Aborsi mengacu pada aborsi yang diinduksi, wanita dengan air kuning setelah aborsi mungkin terkait dengan endometritis, vaginitis bakteri, servisitis, dan sebagainya. 1. Endometritis: endometritis berhubungan dengan infeksi patogen, sedangkan operasi bedah ginekologi dan infeksi saluran kelamin bagian bawah adalah pemicunya.

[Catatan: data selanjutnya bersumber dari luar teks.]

lemma future_cylinder_integral_eq_present:
  assumes "0 \<le> s" and B: "B \<in> future_cylinders s"
  obtains f :: "'w \<Rightarrow> real" and c :: real
  where "f \<in> borel_measurable (present s)" "\<And>\<omega>. \<omega> \<in> space M \<Longrightarrow> \<bar>f \<omega>\<bar> \<le> c"
    and "\<And>Y. integrable M Y \<Longrightarrow> Y \<in> borel_measurable (chain_past s) \<Longrightarrow>
      (\<integral>\<omega>. Y \<omega> * indicator B \<omega> \<partial>M) = (\<integral>\<omega>. Y \<omega> * f \<omega> \<partial>M)"
proof -
  obtain C T R where B_eq: "B = {\<omega>\<in>space M. \<theta> s \<omega> \<in> C \<and> restrict (\<lambda>\<tau>. i \<tau> \<omega>) T \<in> R}"
    and C: "C \<in> sets borel" and T: "finite T" "T \<subseteq> {s..}"
    using B unfolding future_cylinders_def by blast
  define ts where "ts = sorted_list_of_set T"
  define h where "h vs = (indicator R (fun_of_sorted_list T vs) :: real)" for vs
  define K where "K = path_expectation N p s ts h"
  define f where "f \<omega> = indicator C (\<theta> s \<omega>) * K (i s \<omega>)" for \<omega>
  have C_past: "(\<lambda>\<omega>. indicator C (\<theta> s \<omega>) :: real) \<in> borel_measurable (chain_past s)"
    using measurable_compose[OF \<theta>_chain_past[OF \<open>0 \<le> s\<close>] borel_measurable_indicator[OF C]]
    by (simp add: o_def)
  have C_M: "(\<lambda>\<omega>. indicator C (\<theta> s \<omega>) :: real) \<in> borel_measurable M"
    by (rule measurable_from_subalg[OF subalgebra_chain_past[OF \<open>0 \<le> s\<close>] C_past])
  have "(\<lambda>z. indicator C (fst z) * K (snd z) :: real) \<in> borel_measurable state_space"
    using C by measurable
  from measurable_compose[OF state_present this]
  have f_present: "f \<in> borel_measurable (present s)"
    unfolding f_def by simp
  have f_bound: "\<bar>f \<omega>\<bar> \<le> (\<Sum>l<N. \<bar>K l\<bar>)" if "\<omega> \<in> space M" for \<omega>
    using abs_fun_i_le[OF that \<open>0 \<le> s\<close>, of K] unfolding f_def by (simp add: abs_mult indicator_def)
  have B_integral: "(\<integral>\<omega>. Y \<omega> * indicator B \<omega> \<partial>M) = (\<integral>\<omega>. Y \<omega> * f \<omega> \<partial>M)"
    if Y: "integrable M Y" "Y \<in> borel_measurable (chain_past s)" for Y
  proof -
    have "indicator B \<omega> = indicator C (\<theta> s \<omega>) * h (map (\<lambda>\<tau>. i \<tau> \<omega>) ts)" if "\<omega> \<in> space M" for \<omega>
      using that fun_of_sorted_list_map[OF T(1), of "\<lambda>\<tau>. i \<tau> \<omega>"]
      unfolding B_eq h_def ts_def by (simp add: indicator_def)
    then have "(\<integral>\<omega>. Y \<omega> * indicator B \<omega> \<partial>M)
        = (\<integral>\<omega>. (Y \<omega> * indicator C (\<theta> s \<omega>)) * h (map (\<lambda>\<tau>. i \<tau> \<omega>) ts) \<partial>M)"
      by (intro Bochner_Integration.integral_cong) (simp_all add: ac_simps)
    also have "\<dots> = (\<integral>\<omega>. Y \<omega> * f \<omega> \<partial>M)"
      using T Y C_past \<open>0 \<le> s\<close> integrable_mult_bounded[OF Y(1) C_M, of 1]
      unfolding f_def K_def ts_def h_def
      by (subst integral_mult_path_functional) (auto simp: ac_simps indicator_def)
    finally show ?thesis .
  qed
  show ?thesis
    by (rule that[OF f_present f_bound B_integral])
qed

lemma measure_inter_future_cylinder:
  assumes "0 \<le> s" and A: "A \<in> sets (chain_past s)" and B: "B \<in> future_cylinders s"
  shows "measure M (A \<inter> B) = (LINT \<omega>:B|M. real_cond_exp M (present s) (indicator A) \<omega>)"
proof -
  interpret present: sigma_finite_subalgebra M "present s"
    by (rule sigma_finite_subalgebraI[OF subalgebra_present[OF \<open>0 \<le> s\<close>]])
  obtain f :: "'w \<Rightarrow> real" and c :: real where f_present: "f \<in> borel_measurable (present s)"
    and f_bound: "\<And>\<omega>. \<omega> \<in> space M \<Longrightarrow> \<bar>f \<omega>\<bar> \<le> c"
    and B_integral: "\<And>Y. integrable M Y \<Longrightarrow> Y \<in> borel_measurable (chain_past s) \<Longrightarrow>
      (\<integral>\<omega>. Y \<omega> * indicator B \<omega> \<partial>M) = (\<integral>\<omega>. Y \<omega> * f \<omega> \<partial>M)"
    using future_cylinder_integral_eq_present[OF \<open>0 \<le> s\<close> B] by blast
  define w where "w = real_cond_exp M (present s) (indicator A)"
  have A_M: "A \<in> sets M"
    using A subalgebra_chain_past[OF \<open>0 \<le> s\<close>] unfolding subalgebra_def by auto
  have w_int: "integrable M w"
    unfolding w_def by (rule present.real_cond_exp_int(1)[OF integrable_indicator_event[OF A_M]])
  have "w \<in> borel_measurable (present s)"
    unfolding w_def by simp
  then have "w \<in> borel_measurable (past s)"
    by (rule measurable_from_subalg[OF subalgebra_past_present[OF \<open>0 \<le> s\<close>]])
  then have w_past: "w \<in> borel_measurable (chain_past s)"
    by (rule measurable_from_subalg[OF subalgebra_chain_past_past[OF \<open>0 \<le> s\<close>]])
  have "measure M (A \<inter> B) = (\<integral>\<omega>. indicator A \<omega> * indicator B \<omega> \<partial>M)"
    using A_M sets.sets_into_space[OF A_M]
    by (simp add: indicator_inter_arith[symmetric] Int_absorb2 Int_assoc[symmetric] le_infI1)
  also have "\<dots> = (\<integral>\<omega>. indicator A \<omega> * f \<omega> \<partial>M)"
    using A by (intro B_integral integrable_indicator_event[OF A_M]) simp
  also have "\<dots> = (\<integral>\<omega>. f \<omega> * w \<omega> \<partial>M)"
  proof -
    have "f \<in> borel_measurable M"
      by (rule measurable_from_subalg[OF subalgebra_present[OF \<open>0 \<le> s\<close>] f_present])
    from integrable_mult_bounded[OF integrable_indicator_event[OF A_M] this f_bound]
    have "integrable M (\<lambda>\<omega>. f \<omega> * indicator A \<omega>)"
      by (simp add: ac_simps)
    then have "(\<integral>\<omega>. f \<omega> * w \<omega> \<partial>M) = (\<integral>\<omega>. f \<omega> * indicator A \<omega> \<partial>M)"
      unfolding w_def by (rule present.real_cond_exp_intg(2)[OF _ f_present]) (use A_M in simp)
    then show ?thesis
      by (simp add: ac_simps)
  qed
  also have "\<dots> = (\<integral>\<omega>. w \<omega> * indicator B \<omega> \<partial>M)"
    using B_integral[OF w_int w_past] by (simp add: ac_simps)
  finally show ?thesis
    unfolding w_def set_lebesgue_integral_def by (simp add: ac_simps)
qed

lemma Int_stable_future_cylinders: "Int_stable (future_cylinders s)"
proof (rule Int_stableI)
  fix a b assume "a \<in> future_cylinders s" "b \<in> future_cylinders s"
  then obtain C1 T1 R1 C2 T2 R2 where
    a: "a = {\<omega>\<in>space M. \<theta> s \<omega> \<in> C1 \<and> restrict (\<lambda>\<tau>. i \<tau> \<omega>) T1 \<in> R1}"
    and b: "b = {\<omega>\<in>space M. \<theta> s \<omega> \<in> C2 \<and> restrict (\<lambda>\<tau>. i \<tau> \<omega>) T2 \<in> R2}"
    and C: "C1 \<in> sets borel" "C2 \<in> sets borel"
    and T: "finite T1" "T1 \<subseteq> {s..}" "finite T2" "T2 \<subseteq> {s..}"
    unfolding future_cylinders_def by blast
  have "a \<inter> b = {\<omega>\<in>space M. \<theta> s \<omega> \<in> C1 \<inter> C2 \<and> restrict (\<lambda>\<tau>. i \<tau> \<omega>) (T1 \<union> T2)
      \<in> {f. restrict f T1 \<in> R1 \<and> restrict f T2 \<in> R2}}"
    unfolding a b by (auto simp: restrict_restrict Int_absorb1)
  also have "\<dots> \<in> future_cylinders s"
    using C T by (intro future_cylinderI) auto
  finally show "a \<inter> b \<in> future_cylinders s" .
qed
(* Let $F$ be a finite field and let $\beta\in F((1/t))$ be algebraic of degree $d$ over $F(t)$. Then $\beta$ satisfies a Riccati equation $\beta'=a\beta^2+b\beta+c$ with $a,b,c\in F(t)$ if and only if, for every four distinct conjugates $\beta_1,\beta_2,\beta_3,\beta_4$ of $\beta$ over $F(t)$, the cross-ratio $\dfrac{(\beta_1-\beta_3)(\beta_2-\beta_4)}{(\beta_1-\beta_4)(\beta_2-\beta_3)}$ has derivative zero.
   Context: The derivative $'=d/dt$ on $F((1/t))$ is termwise differentiation; since $\beta$ is separable over $F(t)$, it extends uniquely to a derivation of the splitting field of $\beta$ over $F(t)$, and this extension is used for the conjugates of $\beta$. *)

theory Defs
  imports "HOL-Computational_Algebra.Computational_Algebra"
begin

text \<open>Model: F((1/t)) is the type of formal Laurent series \<open>'f fls\<close> in the
variable X = 1/t (finitely many negative powers of X = finitely many positive
powers of t).\<close>

definition t_var :: "'f::field fls" where
  "t_var = fls_X_inv"

definition poly_t :: "'f::field poly \<Rightarrow> 'f fls" where
  "poly_t P = poly (map_poly fls_const P) t_var"

definition ratfun_t :: "'f::field fls set" where
  "ratfun_t = {poly_t P / poly_t Q | P Q. Q \<noteq> 0}"

text \<open>d/dt, termwise differentiation on F((1/t)). Since t = X^(-1),
d/dt = - X^2 d/dX.\<close>
definition deriv_t :: "'f::field fls \<Rightarrow> 'f fls" where
  "deriv_t f = - (fls_X ^ 2 * fls_deriv f)"

definition is_min_poly_t :: "'f::field fls poly \<Rightarrow> 'f fls \<Rightarrow> bool" where
  "is_min_poly_t p \<beta> \<longleftrightarrow>
     p \<noteq> 0 \<and> lead_coeff p = 1 \<and> (\<forall>i. coeff p i \<in> ratfun_t) \<and> poly p \<beta> = 0 \<and>
     (\<forall>q. q \<noteq> 0 \<and> (\<forall>i. coeff q i \<in> ratfun_t) \<and> poly q \<beta> = 0 \<longrightarrow> degree p \<le> degree q)"

definition algebraic_of_degree_t :: "'f::field fls \<Rightarrow> nat \<Rightarrow> bool" where
  "algebraic_of_degree_t \<beta> d \<longleftrightarrow> (\<exists>p. is_min_poly_t p \<beta> \<and> degree p = d)"

definition ratfun_hom :: "('f::field fls \<Rightarrow> 'L::field) \<Rightarrow> bool" where
  "ratfun_hom \<phi> \<longleftrightarrow> \<phi> 0 = 0 \<and> \<phi> 1 = 1 \<and>
     (\<forall>x\<in>ratfun_t. \<forall>y\<in>ratfun_t. \<phi> (x + y) = \<phi> x + \<phi> y \<and> \<phi> (x * y) = \<phi> x * \<phi> y)"

definition splits :: "'L::field poly \<Rightarrow> bool" where
  "splits q \<longleftrightarrow> (\<exists>c rs. q = smult c (\<Prod>r\<leftarrow>rs. [:- r, 1:]))"

definition subfield_generated :: "'L::field set \<Rightarrow> 'L set" where
  "subfield_generated S = \<Inter>{T. S \<subseteq> T \<and> 0 \<in> T \<and> 1 \<in> T \<and>
      (\<forall>x\<in>T. \<forall>y\<in>T. x + y \<in> T \<and> x * y \<in> T) \<and> (\<forall>x\<in>T. - x \<in> T \<and> inverse x \<in> T)}"

definition is_splitting_field_t :: "('f::field fls \<Rightarrow> 'L::field) \<Rightarrow> 'f fls poly \<Rightarrow> bool" where
  "is_splitting_field_t \<phi> p \<longleftrightarrow> ratfun_hom \<phi> \<and> splits (map_poly \<phi> p) \<and>
     subfield_generated (\<phi> ` ratfun_t \<union> {x. poly (map_poly \<phi> p) x = 0}) = UNIV"

definition derivation_extending :: "('f::field fls \<Rightarrow> 'L::field) \<Rightarrow> ('L \<Rightarrow> 'L) \<Rightarrow> bool" where
  "derivation_extending \<phi> D \<longleftrightarrow>
     (\<forall>x y. D (x + y) = D x + D y) \<and> (\<forall>x y. D (x * y) = x * D y + D x * y) \<and>
     (\<forall>x\<in>ratfun_t. D (\<phi> x) = \<phi> (deriv_t x))"

definition cross_ratio :: "'L::field \<Rightarrow> 'L \<Rightarrow> 'L \<Rightarrow> 'L \<Rightarrow> 'L" where
  "cross_ratio b1 b2 b3 b4 = ((b1 - b3) * (b2 - b4)) / ((b1 - b4) * (b2 - b3))"

end

theory Submission
  imports Defs "HOL-Computational_Algebra.Field_as_Ring"
begin

(* Since F is perfect, every element of F(t) with derivative zero is a q-th power, q = char F.
   This forces the minimal polynomial p of beta to be separable, so p' is invertible modulo p.
   Differentiating p(y) = 0 then shows that one polynomial w over F(t) with deg w < deg p
   computes y' = w(y) for every root y of p, for beta and for all of its conjugates alike.
   By minimality of p, beta satisfies a Riccati equation iff deg w <= 2.
   If three roots satisfy y' = Q(y) with deg Q <= 2, then the derivative of their cross-ratio
   with a fourth root y4 is a nonzero multiple of y4' - Q(y4). Taking for Q the quadratic
   interpolating D at three roots, all cross-ratios are constant iff w agrees with Q on the
   deg p distinct roots, i.e. iff deg w <= 2. *)

lemma poly_quadratic:
  fixes q :: "'a::comm_ring_1 poly"
  assumes "degree q \<le> 2"
  shows "poly q x = coeff q 2 * x^2 + coeff q 1 * x + coeff q 0"
proof -
  have "poly q x = (\<Sum>i\<le>degree q. coeff q i * x ^ i)"
    by (simp add: poly_altdef)
  also have "\<dots> = (\<Sum>i\<le>2. coeff q i * x ^ i)"
    using assms by (intro sum.mono_neutral_left) (auto simp: coeff_eq_0)
  finally show ?thesis
    by (simp add: numeral_2_eq_2 algebra_simps)
qed

lemma quadratic_interpolation:
  fixes g1 g2 g3 :: "'a::field"
  assumes "distinct [g1, g2, g3]"
  obtains Q where "degree Q \<le> 2" "poly Q g1 = y1" "poly Q g2 = y2" "poly Q g3 = y3"
proof
  define c1 c2 c3 where "c1 = y1 / ((g1 - g2) * (g1 - g3))"
    and "c2 = y2 / ((g2 - g1) * (g2 - g3))" and "c3 = y3 / ((g3 - g1) * (g3 - g2))"
  define Q where "Q = smult c1 ([:-g2, 1:] * [:-g3, 1:])
     + smult c2 ([:-g1, 1:] * [:-g3, 1:]) + smult c3 ([:-g1, 1:] * [:-g2, 1:])"
  have "degree ([:-a, 1:] * [:-b, 1:]) \<le> 2" for a b :: 'a
    using degree_mult_le[of "[:-a, 1:]" "[:-b, 1:]"] by simp
  then show "degree Q \<le> 2"
    unfolding Q_def by (intro degree_add_le order.trans[OF degree_smult_le])
  have Q: "poly Q x = c1 * ((x - g2) * (x - g3)) + c2 * ((x - g1) * (x - g3)) + c3 * ((x - g1) * (x - g2))"
    for x
    by (simp add: Q_def algebra_simps)
  have "g1 - g2 \<noteq> 0" "g1 - g3 \<noteq> 0" "g2 - g1 \<noteq> 0" "g2 - g3 \<noteq> 0" "g3 - g1 \<noteq> 0" "g3 - g2 \<noteq> 0"
    using assms by auto
  then show "poly Q g1 = y1" "poly Q g2 = y2" "poly Q g3 = y3"
    by (simp_all add: Q c1_def c2_def c3_def)
qed

lemma coprime_imp_unit_mod:
  fixes p q :: "'a::euclidean_ring_gcd"
  assumes "coprime p q"
  obtains u where "p dvd u * q - 1"
proof
  have "fst (bezout_coefficients p q) * p + snd (bezout_coefficients p q) * q = 1"
    using bezout_coefficients_fst_snd[of p q] assms by (simp add: coprime_iff_gcd_eq_1)
  then have "snd (bezout_coefficients p q) * q - 1 = p * - fst (bezout_coefficients p q)"
    by (simp add: algebra_simps)
  then show "p dvd snd (bezout_coefficients p q) * q - 1"
    by (metis dvdI)
qed

lemma solve_congruence_with_unit_mod:
  fixes p q r :: "'a::field poly"
  assumes unit: "p dvd u * q - 1" and "0 < degree p"
  obtains w where "degree w < degree p" "p dvd q * w + r"
proof
  define w where "w = (- (r * u)) mod p"
  have "p \<noteq> 0"
    using assms(2) by auto
  then show "degree w < degree p"
    using degree_mod_less[of p "- (r * u)"] assms(2) by (auto simp: w_def)
  obtain k where k: "u * q - 1 = p * k"
    using unit by blast
  have "w = - (r * u) - (- (r * u)) div p * p"
    using div_mult_mod_eq[of "- (r * u)" p] unfolding w_def by (metis add_diff_cancel_left')
  then have "q * w + r = p * (- (r * k) - q * ((- (r * u)) div p))"
    using k by algebra
  then show "p dvd q * w + r"
    by (metis dvdI)
qed
lemma potential_weight_drift:
  assumes r: "0 < r" and S: "S \<subseteq> V" "S \<noteq> {}" "S \<noteq> V"
  shows "boundary_weight V (unweighted V E) S * potential_weight c r (card V) (card S - 1)
    \<le> clique_gain r (card V) (card S) * potential_weight c r (card V) (card S)"
proof -
  have k: "1 \<le> card S" "card S < card V" using card_transient[OF finite_V S] by auto
  have "boundary_weight V (unweighted V E) S
      \<le> clique_gain r (card V) (card S) * potential_weight_ratio c r (card V) (card S)"
  proof (rule boundary_le_gain_times_ratio[OF one_le_c r k])
    show "boundary_weight V (unweighted V E) S \<le> c * real (card S)"
      using S finite_V unweighted_column_sum_le
      by (intro boundary_weight_le_column_sum) (auto simp: unweighted_def)
    show "boundary_weight V (unweighted V E) S \<le> real (card V) - real (card S)"
      using S finite_V unweighted_row_sum
      by (intro boundary_weight_le_card_Diff) (auto simp: unweighted_def)
  qed
  moreover have "0 < potential_weight c r (card V) (card S - 1)"
    using one_le_c r two_le_card by (intro potential_weight_pos) auto
  ultimately show ?thesis
    using potential_weight_Suc[of c r "card V" "card S - 1"] k
    by (simp add: mult_right_mono mult.assoc)
qed

theorem fixation_probability_ge_inverse_weight_sum:
  assumes r: "0 < r"
  shows "1 / potential_weight_sum c r (card V)
    \<le> fixation_probability V (unweighted V E) (clique_weights V) r"
proof -
  interpret clique_mutant_process V "unweighted V E" r
    using finite_V two_le_card r unweighted_row_sum clique_weights_row_sum
    by unfold_locales (auto simp: unweighted_def clique_weights_nonneg)
  have "1 / potential_weight_sum c r (card V) \<le> fixation_prob V (unweighted V E) (clique_weights V) r {v}"
    if "v \<in> V" for v
    using fixation_prob_ge_potential[OF _ potential_weight_drift[OF r] that] one_le_c r two_le_card
    by (simp add: potential_weight_pos potential_weight_sum_def)
  then have "real (card V) * (1 / potential_weight_sum c r (card V))
      \<le> (\<Sum>v\<in>V. fixation_prob V (unweighted V E) (clique_weights V) r {v})"
    using sum_mono[of V "\<lambda>_. 1 / potential_weight_sum c r (card V)"] by simp
  then show ?thesis
    using two_le_card unfolding fixation_probability_def by (simp add: field_simps)
qed

end

section \<open>Geometric sums and asymptotics\<close>

lemma tail_quot_add: "tail_quot Q a b + tail_quot Q b N = tail_quot Q a N"
  unfolding tail_quot_def by (simp add: add_divide_distrib[symmetric])

lemma tail_quot_Suc: "0 < Q \<Longrightarrow> tail_quot Q a (a + 1) = Q powr a"
  by (simp add: tail_quot_def powr_add field_simps)

lemma tail_quot_pos:
  assumes Q: "0 < Q" and "a < b" shows "0 < tail_quot Q a b"
proof -
  consider "Q < 1" | "Q = 1" | "1 < Q" by linarith
  then show ?thesis
  proof cases
    case 1
    then have "Q powr b < Q powr a"
      using Q \<open>a < b\<close> by (simp add: powr_def)
    then show ?thesis using 1 by (simp add: tail_quot_def)
  next
    case 3
    then have "Q powr a < Q powr b"
      using \<open>a < b\<close> by (rule powr_less_mono[rotated])
    then show ?thesis using 3 by (simp add: tail_quot_def divide_neg_neg)
  qed (use \<open>a < b\<close> in \<open>simp add: tail_quot_def\<close>)
qed

lemma tail_quot_nonneg: "0 < Q \<Longrightarrow> a \<le> b \<Longrightarrow> 0 \<le> tail_quot Q a b"
  using tail_quot_pos[of Q a b] by (cases "a = b") (auto simp: tail_quot_def)

lemma tail_quot_mono: "0 < Q \<Longrightarrow> M \<le> N \<Longrightarrow> tail_quot Q a M \<le> tail_quot Q a N"
  using tail_quot_add[of Q a M N] tail_quot_nonneg[of Q M N] by linarith

lemma tail_quot_antimono: "0 < Q \<Longrightarrow> a \<le> b \<Longrightarrow> tail_quot Q b N \<le> tail_quot Q a N"
  using tail_quot_add[of Q a b N] tail_quot_nonneg[of Q a b] by linarith

lemma tail_quot_of_nat:
  assumes "0 < Q" and "m \<le> n"
  shows "tail_quot Q (real m) (real n) = (\<Sum>j\<in>{m..<n}. Q ^ j)"
proof -
  have "(\<Sum>j\<in>{m..<n}. Q ^ j) = (\<Sum>j<n. Q ^ j) - (\<Sum>j<m. Q ^ j)"
    using sum_diff_nat_ivl[of 0 m n "\<lambda>j. Q ^ j"] assms by (simp add: atLeast0LessThan)
  then show ?thesis
    using assms by (simp add: tail_quot_def sum_gp_strict powr_realpow diff_divide_distrib)
qed

lemma geo_quot_eq_tail_quot: "0 < q \<Longrightarrow> geo_quot q L = tail_quot q 0 L"
  by (simp add: geo_quot_def tail_quot_def)

lemma powr_le_of_dist_le_1:
  fixes q :: real
  assumes q: "0 < q" and "\<bar>x - L\<bar> \<le> 1"
  shows "q powr x \<le> (q + 1 / q) * q powr L"
proof -
  have "0 < 1 / q" using q by simp
  have "q powr (x - L) \<le> q + 1 / q"
  proof (cases "1 \<le> q")
    case True
    then have "q powr (x - L) \<le> q powr 1" using assms by (intro powr_mono) auto
    then have "q powr (x - L) \<le> q" using q by simp
    with \<open>0 < 1 / q\<close> show ?thesis by linarith
  next
    case False
    then have "q powr (x - L) \<le> q powr (- 1)" using assms by (intro powr_mono') auto
    then show ?thesis using q by (simp add: powr_minus divide_inverse)
  qed
  then have "q powr (x - L) * q powr L \<le> (q + 1 / q) * q powr L"
    by (intro mult_right_mono) auto
  then show ?thesis by (simp add: powr_add[symmetric])
qed

lemma head_power_sum_le:
  fixes q L :: real
  assumes q: "0 < q" and p: "real p \<le> L" "L < real p + 1"
  shows "(\<Sum>j<p + 2. q ^ j) \<le> geo_quot q L + 2 * ((q + 1 / q) * q powr L)"
proof -
  have "(\<Sum>j<p. q ^ j) = tail_quot q (real 0) (real p)"
    using tail_quot_of_nat[OF q, of 0 p] by (simp add: atLeast0LessThan)
  also have "\<dots> \<le> geo_quot q L"
    using tail_quot_mono[OF q p(1)] q by (simp add: geo_quot_eq_tail_quot)
  finally have "(\<Sum>j<p. q ^ j) \<le> geo_quot q L" .
  moreover have "q ^ p \<le> (q + 1 / q) * q powr L" "q ^ (p + 1) \<le> (q + 1 / q) * q powr L"
    using p powr_le_of_dist_le_1[OF q, of "real p" L] powr_le_of_dist_le_1[OF q, of "real (p + 1)" L]
      powr_realpow[OF q, of p] powr_realpow[OF q, of "p + 1"]
    by (simp_all only:)
  moreover have "(\<Sum>j<p + 2. q ^ j) = (\<Sum>j<p. q ^ j) + q ^ p + q ^ (p + 1)"
    by (simp add: numeral_2_eq_2)
  ultimately show ?thesis by linarith
qed

lemma tail_power_sum_le:
  fixes Q L :: real
  assumes Q: "0 < Q" and p: "real p \<le> L" "L < real p + 1" and n: "p + 2 \<le> n"
  shows "(\<Sum>j\<in>{p + 2..<n}. Q ^ j) \<le> tail_quot Q L (real n) - Q powr L"
proof -
  have "(\<Sum>j\<in>{p + 2..<n}. Q ^ j) = tail_quot Q (real (p + 2)) (real n)"
    using tail_quot_of_nat[OF Q n] by simp
  also have "\<dots> \<le> tail_quot Q (L + 1) (real n)"
    using p by (intro tail_quot_antimono[OF Q]) auto
  also have "\<dots> = tail_quot Q L (real n) - Q powr L"
    using tail_quot_add[of Q L "L + 1" "real n"] tail_quot_Suc[OF Q, of L] by simp
  finally show ?thesis .
qed

lemma potential_weight_sum_le:
  fixes c r :: real and n :: nat
  defines "q \<equiv> c / r" and "L \<equiv> ln (real n)" and "\<theta> \<equiv> head_inflation n"
  assumes c: "0 < c" and r: "0 < r" and n: "2 \<le> n" and \<theta>: "\<theta> \<le> 2"
  shows "potential_weight_sum c r n
    \<le> \<theta> ^ (log_cutoff n + 1) * (geo_quot q L + 2 * ((q + 1 / q) * q powr L))
      + tail_quot (2 * q) L (real n) - (2 * q) powr L"
proof -
  define p where "p = log_cutoff n"
  have q: "0 < q" using c r by (simp add: q_def)
  have p: "real p \<le> L" "L < real p + 1" "p + 2 \<le> n"
    using log_cutoff_le ln_less_log_cutoff log_cutoff_add_2_le[OF n] by (auto simp: p_def L_def)
  have \<theta>_ge_1: "1 \<le> \<theta>" using one_le_head_inflation[OF n] by (simp add: \<theta>_def)
  have "potential_weight_sum c r n
      = (\<Sum>j<p + 2. potential_weight c r n j) + (\<Sum>j\<in>{p + 2..<n}. potential_weight c r n j)"
    unfolding potential_weight_sum_def
    using sum_diff_nat_ivl[of 0 "p + 2" n "potential_weight c r n"] p(3)
    by (simp add: atLeast0LessThan)
  also have "(\<Sum>j<p + 2. potential_weight c r n j) \<le> (\<Sum>j<p + 2. \<theta> ^ (p + 1) * q ^ j)"
  proof (rule sum_mono)
    fix j assume "j \<in> {..<p + 2}"
    then have j: "j \<le> p + 1" by simp
    have "potential_weight c r n j = q ^ j * \<theta> ^ j"
      unfolding potential_weight_head[OF j[unfolded p_def]] q_def \<theta>_def by (rule power_mult_distrib)
    also have "\<dots> \<le> q ^ j * \<theta> ^ (p + 1)"
      using q \<theta>_ge_1 j by (intro mult_left_mono power_increasing) auto
    finally show "potential_weight c r n j \<le> \<theta> ^ (p + 1) * q ^ j" by (simp add: mult.commute)
  qed
  also have "\<dots> = \<theta> ^ (p + 1) * (\<Sum>j<p + 2. q ^ j)"
    by (rule sum_distrib_left[symmetric])
  also have "\<dots> \<le> \<theta> ^ (p + 1) * (geo_quot q L + 2 * ((q + 1 / q) * q powr L))"
    using head_power_sum_le[OF q p(1,2)] \<theta>_ge_1 by (intro mult_left_mono) auto
  also have "(\<Sum>j\<in>{p + 2..<n}. potential_weight c r n j) \<le> (\<Sum>j\<in>{p + 2..<n}. (2 * q) ^ j)"
    using potential_weight_le_power[OF c r n] \<theta> by (intro sum_mono) (auto simp: q_def \<theta>_def)
  also have "\<dots> \<le> tail_quot (2 * q) L (real n) - (2 * q) powr L"
    using q by (intro tail_power_sum_le p) auto
  finally show ?thesis by (simp add: p_def add_diff_eq)
qed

Gejala khas pasien adalah nyeri perut bagian bawah, demam, keputihan yang tidak normal, kelainan menstruasi, dll., yang dapat dimanifestasikan sebagai air kuning di vagina setelah aborsi. 2. Vaginitis bakteri: Vaginitis bakteri berhubungan dengan berkurangnya laktobasilus di dalam vagina dan berkembang biaknya sejumlah besar mikroorganisme. Penyakit ini akan menyebabkan pasien mengalami peningkatan keputihan, dan disertai dengan bau amis, gatal ringan pada vulva atau sensasi terbakar dan gejala lainnya, juga dapat dimanifestasikan sebagai air kuning pada vagina setelah aborsi. 3. Servisitis: servisitis berhubungan dengan infeksi patogen, gangguan flora vagina, ketidakseimbangan hormon. Sebagian besar pasien tidak memiliki gejala yang jelas, tetapi beberapa pasien akan mengalami peningkatan keputihan, perdarahan vagina yang tidak normal, rasa sakit saat berhubungan seksual dan gejala lainnya, yang dapat dimanifestasikan sebagai air kuning di vagina setelah aborsi. Disarankan agar orang yang memiliki air kuning di vagina setelah aborsi harus berkonsultasi dengan dokter untuk pemeriksaan, dan mengikuti instruksi dokter setelah mengklarifikasi penyebab penyakit. Setiap hari memperkuat perawatan kebersihan pribadi, mengganti pakaian dalam dan sebagainya.